During high school in Troy, Missouri, Kummer Vanguard Scholar Dawson Jeffers launched his own business — three of them, actually — and he signed up for every STEM course his school offered.
“I fell in love with the design process,” says Jeffers, a sophomore in engineering management with an emphasis in mechanical engineering. “That’s how I knew I wanted to be an engineer.”
Jeffers says falling in love with design coincided with the realization that he’s an entrepreneur.
“I’m a weird culmination of interests and hobbies,” he says. “I’m pretty creative. Rather than following the rules I prefer pushing boundaries. And I love to sell.”
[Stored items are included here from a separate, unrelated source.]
lemma quarter_plus_ends_sum_ge:
  assumes "finite A" "2 \<le> card A \<or> 0 \<in> A \<or> n - 1 \<in> A"
  shows "1/2 \<le> sum (quarter_plus_ends n) A"
proof -
  from assms(2) consider "2 \<le> card A" | z where "z \<in> A" "1/2 \<le> quarter_plus_ends n z"
    by (auto simp: quarter_plus_ends_def)
  then show ?thesis
  proof cases
    case 1
    moreover have "real (card A) * (1/4) \<le> sum (quarter_plus_ends n) A"
      by (rule sum_bounded_below) (simp add: quarter_plus_ends_def)
    ultimately show ?thesis by simp
  next
    case 2
    note \<open>1/2 \<le> quarter_plus_ends n z\<close>
    also have "quarter_plus_ends n z \<le> sum (quarter_plus_ends n) A"
      by (rule member_le_sum) (use 2(1) assms(1) in \<open>auto simp: quarter_plus_ends_def\<close>)
    finally show ?thesis .
  qed
qed

lemma path_resolving_quarter_plus_ends: "path_resolving n (quarter_plus_ends n)"
proof (rule path_resolvingI_flanks)
  fix x :: nat
  show "1/2 \<le> sum (quarter_plus_ends n) {x - 1..x}"
    by (rule quarter_plus_ends_sum_ge) (cases x, auto)
next
  fix y assume "y < n"
  then show "1/2 \<le> sum (quarter_plus_ends n) {y..<min (y + 2) n}"
    by (intro quarter_plus_ends_sum_ge) (auto simp: min_def)
qed (simp add: quarter_plus_ends_def)

lemma sum_quarter_plus_ends:
  "1 \<le> n \<Longrightarrow> sum (quarter_plus_ends n) {0..<n} = (real n + 2) / 4"
  unfolding quarter_plus_ends_def by (simp add: sum.distrib)

lemma card_R1_path4_ge_3: "x < y \<Longrightarrow> y < 4 \<Longrightarrow> 3 \<le> card (R1 {0..<4} path_dist x y)"
proof -
  assume "x < y" "y < 4"
  then consider "x = 0" "y = 1" | "x = 0" "y = 2" | "x = 0" "y = 3"
    | "x = 1" "y = 2" | "x = 1" "y = 3" | "x = 2" "y = 3" by linarith
  moreover have "{0..<4::nat} = {0, 1, 2, 3}" by auto
  \<comment> \<open>as an intersection with the explicit vertex set, R1 is evaluated by Int_insert_left\<close>
  moreover have "R1 V d x y = V \<inter> {z. trunc1_dist d x z \<noteq> trunc1_dist d y z}" for V d
    by (auto simp: R1_def)
  ultimately show ?thesis
    by cases (simp_all add: trunc1_dist_def path_dist_def Int_insert_left)
qed

lemma path_resolving_4_const_third: "path_resolving 4 (\<lambda>_. 1/3)"
proof (rule trunc1_resolving_functionI)
  fix x y :: nat assume "x \<in> {0..<4}" "y \<in> {0..<4}" "x < y"
  then show "1 \<le> sum (\<lambda>_. 1/3 :: real) (R1 {0..<4} path_dist x y)"
    using card_R1_path4_ge_3[of x y] by simp
qed simp

lemma path_resolving_sum_ge_1:
  assumes "path_resolving n h" "x < n" "y < n" "x \<noteq> y"
    and "R1 {0..<n} path_dist x y \<subseteq> S" "S \<subseteq> {0..<n}"
  shows "1 \<le> sum h S"
  using trunc1_resolving_sum_superset_ge_1[OF assms(1)] assms(2-) by simp

lemma path_resolving_sum_window:
  "path_resolving n h \<Longrightarrow> a + 4 \<le> n \<Longrightarrow> 1 \<le> sum h {a..<a + 4}"
  by (rule path_resolving_sum_ge_1[of n h "a + 1" "a + 2"])
    (auto simp: mem_path_R1 path_dist_def split: if_splits)

lemma path_resolving_sum_left_end:
  "path_resolving n h \<Longrightarrow> 3 \<le> n \<Longrightarrow> 1 \<le> sum h {0..<3}"
  by (rule path_resolving_sum_ge_1[of n h 0 1])
    (auto simp: mem_path_R1 path_dist_def split: if_splits)

lemma path_resolving_sum_right_end:
  "path_resolving n h \<Longrightarrow> 3 \<le> n \<Longrightarrow> 1 \<le> sum h {n - 3..<n}"
  by (rule path_resolving_sum_ge_1[of n h "n - 2" "n - 1"])
    (auto simp: mem_path_R1 path_dist_def split: if_splits)

lemma path_resolving_sum_both_ends:
  assumes "path_resolving n h" "4 \<le> n"
  shows "1 \<le> sum h {0..<2} + sum h {n - 2..<n}"
proof -
  have "1 \<le> sum h ({0..<2} \<union> {n - 2..<n})"
    using assms by (intro path_resolving_sum_ge_1[of n h 0 "n - 1"])
      (auto simp: mem_path_R1 path_dist_def split: if_splits)
  also have "\<dots> = sum h {0..<2} + sum h {n - 2..<n}"
    using assms(2) by (intro sum.union_disjoint) auto
  finally show ?thesis .
qed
Jeffers began an online store selling wallets he’d made of duct tape. It didn’t generate a single sale, but it taught him about branding. Then, as a sophomore, he created 3D-printed lenticular name plates that displayed different images at different angles.
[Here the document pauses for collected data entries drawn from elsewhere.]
(* Let $T$ be a first-order $\mathscr L$-theory and $A$ a model of $T_\forall$. Then $A$ is existentially closed in $\mathcal U_{\mathcal K}=\mathrm{Mod}(T_\forall)$ if and only if $A^*$ is geometrically closed in $\mathcal U_{\mathcal K}^*=\mathrm{Mod}(T_\forall\cup\emptyset^* )$.
   Context: $T_\forall$: consequences of $T$ of the form $\forall\bar y(\bigwedge\Phi\to\bigvee\Psi)$, $\Phi,\Psi$ finite sets of atomic formulas. $A$ is existentially closed in a class $\mathcal C$ if every embedding of $A$ into a member of $\mathcal C$ reflects existential sentences with parameters from $A$. $\mathscr L^*$ is $\mathscr L$ plus, for each relation symbol $R$ of $\mathscr L$, a new relation symbol $R^*$ of the same arity; $\emptyset^*$ is the set of axioms $\forall\bar x(\neg R(\bar x)\leftrightarrow R^*(\bar x))$; $T^*=T\cup\emptyset^*$ (and $T_\forall\cup\emptyset^*$ is equivalent to $(T^* )_\forall$). $A^*$ is the expansion of $A$ interpreting each $R^*$ as the complement of $R$. A homomorphism $f:C\to D$ is geometrically closed if every sentence $\forall\bar y\,(\bigwedge\Phi(\bar c,\bar y)\to\psi(\bar c,\bar y))$ ($\Phi\cup\{\psi\}$ finite sets of atomic formulas, parameters from $C$) true in $C$ holds in $D$ of $f\bar c$; $C$ is geometrically closed in a class if every homomorphism from $C$ to a member of that class is. *)

theory Defs
  imports Main
begin

text \<open>A language is given by arity functions; every element of the types of
function symbols 'f and relation symbols 'r is a symbol of the language.\<close>

datatype ('f, 'r) lang = Lang (farity: "'f \<Rightarrow> nat") (rarity: "'r \<Rightarrow> nat")

datatype 'f trm = Var nat | Fn 'f "'f trm list"

datatype ('f, 'r) fm =
    Bot
  | Eq "'f trm" "'f trm"
  | Rel 'r "'f trm list"
  | Neg "('f, 'r) fm"
  | Conj "('f, 'r) fm" "('f, 'r) fm"
  | Disj "('f, 'r) fm" "('f, 'r) fm"
  | Imp "('f, 'r) fm" "('f, 'r) fm"
  | Ex nat "('f, 'r) fm"
  | All nat "('f, 'r) fm"

definition Iff :: "('f, 'r) fm \<Rightarrow> ('f, 'r) fm \<Rightarrow> ('f, 'r) fm" where
  "Iff p q = Conj (Imp p q) (Imp q p)"

definition Top :: "('f, 'r) fm" where
  "Top = Neg Bot"

fun conjs :: "('f, 'r) fm list \<Rightarrow> ('f, 'r) fm" where
  "conjs [] = Top"
| "conjs (p # ps) = Conj p (conjs ps)"

fun disjs :: "('f, 'r) fm list \<Rightarrow> ('f, 'r) fm" where
  "disjs [] = Bot"
| "disjs (p # ps) = Disj p (disjs ps)"

fun fvt :: "'f trm \<Rightarrow> nat set" where
  "fvt (Var n) = {n}"
| "fvt (Fn f ts) = \<Union> (set (map fvt ts))"

fun fv :: "('f, 'r) fm \<Rightarrow> nat set" where
  "fv Bot = {}"
| "fv (Eq s t) = fvt s \<union> fvt t"
| "fv (Rel r ts) = \<Union> (set (map fvt ts))"
| "fv (Neg p) = fv p"
| "fv (Conj p q) = fv p \<union> fv q"
| "fv (Disj p q) = fv p \<union> fv q"
| "fv (Imp p q) = fv p \<union> fv q"
| "fv (Ex x p) = fv p - {x}"
| "fv (All x p) = fv p - {x}"

fun wf_trm :: "('f, 'r) lang \<Rightarrow> 'f trm \<Rightarrow> bool" where
  "wf_trm L (Var n) = True"
| "wf_trm L (Fn f ts) = (length ts = farity L f \<and> list_all (wf_trm L) ts)"

fun wf_fm :: "('f, 'r) lang \<Rightarrow> ('f, 'r) fm \<Rightarrow> bool" where
  "wf_fm L Bot = True"
| "wf_fm L (Eq s t) = (wf_trm L s \<and> wf_trm L t)"
| "wf_fm L (Rel r ts) = (length ts = rarity L r \<and> list_all (wf_trm L) ts)"
| "wf_fm L (Neg p) = wf_fm L p"
| "wf_fm L (Conj p q) = (wf_fm L p \<and> wf_fm L q)"
| "wf_fm L (Disj p q) = (wf_fm L p \<and> wf_fm L q)"
| "wf_fm L (Imp p q) = (wf_fm L p \<and> wf_fm L q)"
| "wf_fm L (Ex x p) = wf_fm L p"
| "wf_fm L (All x p) = wf_fm L p"

definition sentence :: "('f, 'r) lang \<Rightarrow> ('f, 'r) fm \<Rightarrow> bool" where
  "sentence L p \<longleftrightarrow> wf_fm L p \<and> fv p = {}"

definition theory_of :: "('f, 'r) lang \<Rightarrow> ('f, 'r) fm set \<Rightarrow> bool" where
  "theory_of L T \<longleftrightarrow> (\<forall>p\<in>T. sentence L p)"

fun atomic :: "('f, 'r) fm \<Rightarrow> bool" where
  "atomic Bot = True"
| "atomic (Eq s t) = True"
| "atomic (Rel r ts) = True"
| "atomic _ = False"

fun qfree :: "('f, 'r) fm \<Rightarrow> bool" where
  "qfree (Ex x p) = False"
| "qfree (All x p) = False"
| "qfree (Neg p) = qfree p"
| "qfree (Conj p q) = (qfree p \<and> qfree q)"
| "qfree (Disj p q) = (qfree p \<and> qfree q)"
| "qfree (Imp p q) = (qfree p \<and> qfree q)"
| "qfree _ = True"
“I was selling them, but at a terrible profit margin,” Jeffers says. “I ended up paying off my product, but I knew I needed to do something else.”
True to the adage “necessity is the mother of invention,” Jeffers’ third business focused on accessories for the red, 1995 Mazda Miata he bought his junior year with money he’d earned working at Dairy Queen.
“It was so much fun to drive, even though there was not a good spot for a cup holder or a phone,” he says.
Jeffers created a mobile phone holder that attaches to the console and positions the phone to charge using the cigarette lighter. After a considerable amount of research, including buying and taking apart existing products, he introduced a wireless charging pad. That was followed by a device that can hold a cup on either side of the console.
“It took a while to develop the prototypes, but once I did, I posted on the Miata group’s Facebook page and Facebook Marketplace, and it blew up,” he says.
His first year in business, Jeffers made $1,500 in revenue and won a STEM design competition. He and his business partner used the prize money to invest in two more printers and opened an Etsy shop.
Jeffers says that one of the biggest benefits of attending Missouri S&T is meeting and working with other students who have similar goals. Many of his friends also want to launch a business of their own.
And thanks in large part to the program’s entrepreneurial core, being a Kummer Vanguard Scholar is central to Jeffers’ experience of S&T.
“The program makes getting involved mandatory, and it’s good,” he says. “Success is possible, but it’s not easy, and that’s why you should come here. You can’t become exceptional without doing difficult things.”